The plot makes the direct-versus-spillover tradeoff visible. A promotion can increase the focal item’s click chance while decreasing competitor outcomes. The total slate estimate is the product-level summary because it combines both sides of that tradeoff.

9. Compare Observed Estimates to Known Simulation Truth

Because this is a simulation, we have two extra validation signals:

  • the expected probability estimate, which removes random click noise;
  • the known induced lift estimate, which isolates the lift created by the treatment and spillover mechanism.

This cell reshapes the results so each contrast can compare noisy observed estimates against the known simulation signal.

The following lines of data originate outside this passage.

lemma card_flat_tuples_below_less_singleton:
  fixes m :: real
  assumes "finite (B c)" "0 < m" "\<forall>w<r. \<not> large_flat_family f {c} B m w"
  shows "card {t \<in> Pi\<^sub>E {c} B. flat_on f {c} t \<and> (\<forall>j\<in>{c}. f (t j) < r)} < m"
proof -
  have "{t \<in> Pi\<^sub>E {c} B. flat_on f {c} t \<and> (\<forall>j\<in>{c}. f (t j) < r)} \<subseteq> Pi\<^sub>E {c} (\<lambda>j. {x \<in> B j. f x < r})"
    by (auto simp: PiE_iff extensional_def)
  then have "card {t \<in> Pi\<^sub>E {c} B. flat_on f {c} t \<and> (\<forall>j\<in>{c}. f (t j) < r)}
      \<le> card (Pi\<^sub>E {c} (\<lambda>j. {x \<in> B j. f x < r}))"
    using assms(1) by (intro card_mono finite_PiE) auto
  also have "\<dots> = card {x \<in> B c. f x < r}"
    by (simp add: card_PiE)
  moreover have "card {x \<in> B c. f x < r} < m"
  proof (cases r)
    case 0
    then show ?thesis using assms(2) by simp
  next
    case (Suc w)
    have "\<not> m \<le> card {x \<in> B c. f x \<le> w}"
    proof
      assume "m \<le> card {x \<in> B c. f x \<le> w}"
      then have "large_flat_family f {c} B m w"
        unfolding large_flat_family_def
        by (intro exI[of _ "\<lambda>j. {x \<in> B j. f x \<le> w}"]) (simp add: flat_on_def)
      then show False using assms(3) Suc by simp
    qed
    moreover have "{x \<in> B c. f x \<le> w} = {x \<in> B c. f x < r}" using Suc by auto
    ultimately show ?thesis by simp
  qed
  ultimately show ?thesis by linarith
qed

lemma card_flat_tuples_below_less_nonsingleton:
  fixes m :: real
  assumes "2 \<le> card C" "\<forall>j\<in>C. finite (B j) \<and> card (B j) \<le> n" "0 < n" "0 < m"
    and "\<forall>w<r. \<not> large_flat_family f C B m w"
  shows "card {t \<in> Pi\<^sub>E C B. flat_on f C t \<and> (\<forall>j\<in>C. f (t j) < r)} < m * card C * real n ^ (card C - 1)"
proof -
  have C: "finite C" "C \<noteq> {}" using assms(1) by (auto intro: card_ge_0_finite)
  have "\<exists>j'\<in>C. j' \<noteq> j" if "j \<in> C" for j
  proof (rule ccontr)
    assume "\<not> (\<exists>j'\<in>C. j' \<noteq> j)"
    then have "C = {j}" using that by blast
    then show False using assms(1) by simp
  qed
  then obtain p where p: "p j \<in> C" "p j \<noteq> j" if "j \<in> C" for j by metis
  \<comment> \<open>below the threshold, at the common level of a flat tuple t some block B j has a
     small level set, and t j lies in the level set of t (p j)\<close>
  define Y where "Y j x = (if card {y \<in> B j. f y = f x} < m then {y \<in> B j. f y = f x} else {})" for j x
  define T where "T j = {t \<in> Pi\<^sub>E C B. t j \<in> Y j (t (p j))}" for j
  have "{t \<in> Pi\<^sub>E C B. flat_on f C t \<and> (\<forall>j\<in>C. f (t j) < r)} \<subseteq> (\<Union>j\<in>C. T j)"
  proof
    fix t assume t: "t \<in> {t \<in> Pi\<^sub>E C B. flat_on f C t \<and> (\<forall>j\<in>C. f (t j) < r)}"
    obtain c where c: "c \<in> C" using C(2) by blast
    define w where "w = f (t c)"
    have "\<not> (\<forall>j\<in>C. m \<le> card {x \<in> B j. f x = w})"
    proof
      assume large: "\<forall>j\<in>C. m \<le> card {x \<in> B j. f x = w}"
      have "flat_on f C u" if "u \<in> Pi\<^sub>E C (\<lambda>j. {x \<in> B j. f x = w})" for u
        using PiE_mem[OF that] unfolding flat_on_def by fastforce
      with large have "large_flat_family f C B m w"
        unfolding large_flat_family_def by (intro exI[of _ "\<lambda>j. {x \<in> B j. f x = w}"]) auto
      then show False using assms(5) t c unfolding w_def by blast
    qed
    then obtain j where j: "j \<in> C" "\<not> m \<le> card {x \<in> B j. f x = w}" by blast
    have "f (t j) = w" "f (t (p j)) = w"
      using t c j(1) p[OF j(1)] unfolding w_def flat_on_def by blast+
    moreover have "t j \<in> B j" using t j(1) by (blast dest: PiE_mem)
    ultimately have "t j \<in> Y j (t (p j))" using j(2) unfolding Y_def by simp
    then show "t \<in> (\<Union>j\<in>C. T j)" using t j(1) unfolding T_def by blast
  qed
  moreover have "finite (Pi\<^sub>E C B)" using C(1) assms(2) by (intro finite_PiE) auto
  ultimately have "card {t \<in> Pi\<^sub>E C B. flat_on f C t \<and> (\<forall>j\<in>C. f (t j) < r)} \<le> card (\<Union>j\<in>C. T j)"
    using C(1) by (intro card_mono) (auto simp: T_def)
  also have "\<dots> \<le> (\<Sum>j\<in>C. card (T j))"
    using C(1) by (rule card_UN_le)
  finally have "real (card {t \<in> Pi\<^sub>E C B. flat_on f C t \<and> (\<forall>j\<in>C. f (t j) < r)}) \<le> (\<Sum>j\<in>C. real (card (T j)))"
    by (simp flip: of_nat_sum)
  also have "\<dots> < (\<Sum>j\<in>C. m * real n ^ (card C - 1))"
  proof (rule sum_strict_mono)
    fix j assume "j \<in> C"
    show "real (card (T j)) < m * real n ^ (card C - 1)"
      unfolding T_def using C(1) assms(2-4) \<open>j \<in> C\<close> p[OF \<open>j \<in> C\<close>]
      by (intro card_PiE_dependent_coordinate_less) (auto simp: Y_def)
  qed (use C in auto)
  also have "\<dots> = m * card C * real n ^ (card C - 1)"
    by simp
  finally show ?thesis .
qed

lemma card_flat_tuples_below_less:
  fixes m :: real
  assumes "finite C" "C \<noteq> {}" "\<forall>j\<in>C. finite (B j) \<and> card (B j) \<le> n" "0 < n" "0 < m"
    and "\<forall>w<r. \<not> large_flat_family f C B m w"
  shows "card {t \<in> Pi\<^sub>E C B. flat_on f C t \<and> (\<forall>j\<in>C. f (t j) < r)} < m * card C * real n ^ (card C - 1)"
proof (cases "card C = 1")
  case True
  then obtain c where "C = {c}" by (rule card_1_singletonE)
  then show ?thesis using card_flat_tuples_below_less_singleton[of B c m r f] assms(3,5,6) by simp
next
  case False
  moreover have "card C \<noteq> 0" using assms(1,2) by simp
  ultimately have "2 \<le> card C" by linarith
  then show ?thesis using assms(3-6) by (rule card_flat_tuples_below_less_nonsingleton)
qed

lemma flat_family_threshold:
  fixes m :: real
  assumes "finite C" "C \<noteq> {}" "\<forall>j\<in>C. finite (B j) \<and> card (B j) \<le> n" "0 < n" "0 < m"
  obtains r where "card {t \<in> Pi\<^sub>E C B. flat_on f C t \<and> (\<forall>j\<in>C. f (t j) < r)} < m * card C * real n ^ (card C - 1)"
    and "(\<forall>j\<in>C. \<forall>x\<in>B j. f x < r) \<or> large_flat_family f C B m r"
proof (cases "\<exists>r. large_flat_family f C B m r")
  case True
  define r where "r = (LEAST r. large_flat_family f C B m r)"
  have "large_flat_family f C B m r" unfolding r_def using True by (rule LeastI_ex)
  moreover have "\<forall>w<r. \<not> large_flat_family f C B m w" unfolding r_def by (blast dest: not_less_Least)
  ultimately show ?thesis using that card_flat_tuples_below_less[OF assms] by blast
next
  case False
  define r where "r = Suc (Max (f ` (\<Union>j\<in>C. B j)))"
  have "\<forall>j\<in>C. \<forall>x\<in>B j. f x < r"
    unfolding r_def using assms(1,3) by (auto intro!: le_imp_less_Suc Max_ge)
  then show ?thesis using that card_flat_tuples_below_less[OF assms] False by blast
qed

lemma obtain_bottom_class:
  fixes g :: "'i \<Rightarrow> 'b::linorder"
  assumes "finite I" "I \<noteq> {}"
  obtains C where "C \<subseteq> I" "C \<noteq> {}" "\<forall>i\<in>C. \<forall>j\<in>C. g i = g j" "\<forall>i\<in>C. \<forall>j\<in>I - C. g i < g j"
proof -
  have "Min (g ` I) \<in> g ` I" using assms by simp
  then obtain c where c: "c \<in> I" "g c = Min (g ` I)" by (metis imageE)
  have le: "g c \<le> g i" if "i \<in> I" for i using assms(1) that c(2) by simp
  show ?thesis
  proof (rule that[of "{i \<in> I. g i = g c}"])
    show "\<forall>i\<in>{i \<in> I. g i = g c}. \<forall>j\<in>I - {i \<in> I. g i = g c}. g i < g j"
      using le by (auto simp: order.strict_iff_order)
  qed (use c(1) in auto)
qed

lemma card_pattern_tuples_bottom_below:
  fixes m :: real
  assumes "finite I" "C \<subseteq> I" "c \<in> C" "\<forall>i\<in>C. \<forall>j\<in>C. g i = g j"
    and "\<forall>i\<in>I. finite (B i) \<and> card (B i) \<le> n" "0 < n"
    and "card {t \<in> Pi\<^sub>E C B. flat_on f C t \<and> (\<forall>j\<in>C. f (t j) < r)} < m * card C * real n ^ (card C - 1)"
  shows "card {s \<in> Pi\<^sub>E I B. realizes_pattern g f I s \<and> f (s c) < r} < m * card C * real n ^ (card I - 1)"
proof -
  let ?P = "\<lambda>t. flat_on f C t \<and> (\<forall>j\<in>C. f (t j) < r)"
  have "{s \<in> Pi\<^sub>E I B. realizes_pattern g f I s \<and> f (s c) < r} \<subseteq> {s \<in> Pi\<^sub>E I B. ?P (restrict s C)}"
  proof
    fix s assume "s \<in> {s \<in> Pi\<^sub>E I B. realizes_pattern g f I s \<and> f (s c) < r}"
    then have s: "s \<in> Pi\<^sub>E I B" "realizes_pattern g f I s" "f (s c) < r" by auto
    have "f (s i) = f (s c)" if "i \<in> C" for i
      using that assms(2-4) by (intro realizes_pattern_eq[OF s(2)]) blast+
    with s show "s \<in> {s \<in> Pi\<^sub>E I B. ?P (restrict s C)}" by (simp add: flat_on_def)
  qed
  moreover have "finite (Pi\<^sub>E I B)" using assms(1,5) by (intro finite_PiE) auto
  ultimately have "card {s \<in> Pi\<^sub>E I B. realizes_pattern g f I s \<and> f (s c) < r}
      \<le> card {s \<in> Pi\<^sub>E I B. ?P (restrict s C)}"
    by (intro card_mono) auto
  also have "\<dots> \<le> card {t \<in> Pi\<^sub>E C B. ?P t} * card (Pi\<^sub>E (I - C) B)"
    using assms(1,2,5) by (intro card_PiE_restrict_le) auto
  also have "\<dots> \<le> card {t \<in> Pi\<^sub>E C B. ?P t} * n ^ card (I - C)"
    using assms(1,5) by (intro mult_left_mono card_PiE_le_power) auto
  finally have "real (card {s \<in> Pi\<^sub>E I B. realizes_pattern g f I s \<and> f (s c) < r})
      \<le> real (card {t \<in> Pi\<^sub>E C B. ?P t} * n ^ card (I - C))"
    by (rule of_nat_mono)
  also have "\<dots> = card {t \<in> Pi\<^sub>E C B. ?P t} * real n ^ card (I - C)"
    by simp
  also have "\<dots> < m * card C * real n ^ (card C - 1) * real n ^ card (I - C)"
    using assms(6,7) by (intro mult_strict_right_mono) auto
  also have "\<dots> = m * card C * real n ^ (card I - 1)"
  proof -
    have "card I = card C + card (I - C)" "0 < card C"
      using assms(1-3) by (auto simp: card_Diff_subset card_mono card_gt_0_iff finite_subset)
    then have "card I - 1 = (card C - 1) + card (I - C)" by linarith
    then show ?thesis by (simp add: power_add)
  qed
  finally show ?thesis .
qed

lemma card_pattern_tuples_bottom_above:
  fixes m :: real
  assumes "finite I" "C \<subseteq> I" "c \<in> C" "\<forall>i\<in>C. \<forall>j\<in>I - C. g i < g j"
    and "\<forall>i\<in>I. finite (B i) \<and> card (B i) \<le> n"
    and "card {s \<in> Pi\<^sub>E (I - C) (\<lambda>i. {x \<in> B i. r < f x}). realizes_pattern g f (I - C) s}
      < m * card (I - C) * real n ^ (card (I - C) - 1)"
  shows "card {s \<in> Pi\<^sub>E I B. realizes_pattern g f I s \<and> r \<le> f (s c)} \<le> m * card (I - C) * real n ^ (card I - 1)"
proof -
  let ?B = "\<lambda>i. {x \<in> B i. r < f x}"
  let ?P = "\<lambda>t. t \<in> Pi\<^sub>E (I - C) ?B \<and> realizes_pattern g f (I - C) t"
  have "{s \<in> Pi\<^sub>E I B. realizes_pattern g f I s \<and> r \<le> f (s c)} \<subseteq> {s \<in> Pi\<^sub>E I B. ?P (restrict s (I - C))}"
  proof
    fix s assume "s \<in> {s \<in> Pi\<^sub>E I B. realizes_pattern g f I s \<and> r \<le> f (s c)}"
    then have s: "s \<in> Pi\<^sub>E I B" "realizes_pattern g f I s" "r \<le> f (s c)" by auto
    have "r < f (s i)" if "i \<in> I - C" for i
      using realizes_pattern_less[OF s(2), of c i] s(3) that assms(2-4) by auto
    then show "s \<in> {s \<in> Pi\<^sub>E I B. ?P (restrict s (I - C))}"
      using s(1,2) by (auto simp: PiE_iff intro: realizes_pattern_subset)
  qed
  moreover have "finite (Pi\<^sub>E I B)" using assms(1,5) by (intro finite_PiE) auto
  ultimately have "card {s \<in> Pi\<^sub>E I B. realizes_pattern g f I s \<and> r \<le> f (s c)}
      \<le> card {s \<in> Pi\<^sub>E I B. ?P (restrict s (I - C))}"
    by (intro card_mono) auto
  also have "\<dots> \<le> card {t \<in> Pi\<^sub>E (I - C) B. ?P t} * card (Pi\<^sub>E C B)"
    using assms(1,2,5) by (intro card_PiE_restrict_le) auto
  also have "\<dots> \<le> card {t \<in> Pi\<^sub>E (I - C) B. ?P t} * n ^ card C"
    using assms(1,2,5) finite_subset by (intro mult_left_mono card_PiE_le_power) auto
  also have "{t \<in> Pi\<^sub>E (I - C) B. ?P t} = {t \<in> Pi\<^sub>E (I - C) ?B. realizes_pattern g f (I - C) t}"
    by (auto simp: PiE_iff)
  finally have "real (card {s \<in> Pi\<^sub>E I B. realizes_pattern g f I s \<and> r \<le> f (s c)})
      \<le> real (card {t \<in> Pi\<^sub>E (I - C) ?B. realizes_pattern g f (I - C) t} * n ^ card C)"
    by (rule of_nat_mono)
  also have "\<dots> = card {t \<in> Pi\<^sub>E (I - C) ?B. realizes_pattern g f (I - C) t} * real n ^ card C"
    by simp
  also have "\<dots> \<le> m * card (I - C) * real n ^ (card (I - C) - 1) * real n ^ card C"
    using assms(6) by (intro mult_right_mono) auto
  also have "\<dots> = m * card (I - C) * real n ^ (card I - 1)"
  proof (cases "I - C = {}")
    case False
    have "card I = card C + card (I - C)"
      using assms(1,2) by (simp add: card_Diff_subset card_mono finite_subset)
    moreover have "0 < card (I - C)" using assms(1) False by (simp add: card_gt_0_iff)
    ultimately have "card I - 1 = (card (I - C) - 1) + card C" by linarith
    then show ?thesis by (simp add: power_add)
  next
    case True
    then show ?thesis by (simp only: card.empty)
  qed
  finally show ?thesis .
qed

validation_table = estimate_table.pivot_table(
    index="contrast",
    columns="outcome",
    values="estimate",
    aggfunc="first",
).reset_index()

validation_table = validation_table.rename(
    columns={
        "Observed simulated click": "observed_item_click_diff",
        "Expected click probability": "expected_item_probability_diff",
        "Known induced probability lift": "known_item_probability_lift_diff",
        "Observed total simulated clicks": "observed_total_click_diff",
        "Expected total clicks": "expected_total_click_diff",
        "Known total probability lift": "known_total_probability_lift_diff",
    }
)

validation_table["observed_minus_expected"] = np.where(
    validation_table["contrast"].eq("Total slate"),
    validation_table.get("observed_total_click_diff") - validation_table.get("expected_total_click_diff"),
    validation_table.get("observed_item_click_diff") - validation_table.get("expected_item_probability_diff"),
)

validation_table["expected_minus_known_lift"] = np.where(
    validation_table["contrast"].eq("Total slate"),
    validation_table.get("expected_total_click_diff") - validation_table.get("known_total_probability_lift_diff"),
    validation_table.get("expected_item_probability_diff") - validation_table.get("known_item_probability_lift_diff"),
)
validation_table["contrast_order"] = validation_table["contrast"].map(contrast_order)
validation_table = validation_table.sort_values("contrast_order")

display(validation_table)
outcome contrast expected_item_probability_diff expected_total_click_diff known_item_probability_lift_diff known_total_probability_lift_diff observed_item_click_diff observed_total_click_diff observed_minus_expected expected_minus_known_lift contrast_order
1 Direct focal item 0.1777 NaN 0.1794 NaN 0.1716 NaN -0.0061 -0.0017 0
3 Same-cluster competitor spillover -0.0695 NaN -0.0686 NaN -0.0577 NaN 0.0118 -0.0009 1
2 Displaced-item spillover -0.0574 NaN -0.0580 NaN -0.0568 NaN 0.0006 0.0007 2
0 All non-focal slate spillover -0.0450 NaN -0.0452 NaN -0.0436 NaN 0.0014 0.0003 3
4 Total slate NaN -0.3168 NaN -0.3180 NaN -0.3078 0.0090 0.0012 4

The validation table separates random outcome noise from the designed effect. The observed estimate can deviate from the expected estimate because clicks are simulated as Bernoulli outcomes. The expected estimate can differ from known induced lift when treated and control rows have small baseline differences despite randomization.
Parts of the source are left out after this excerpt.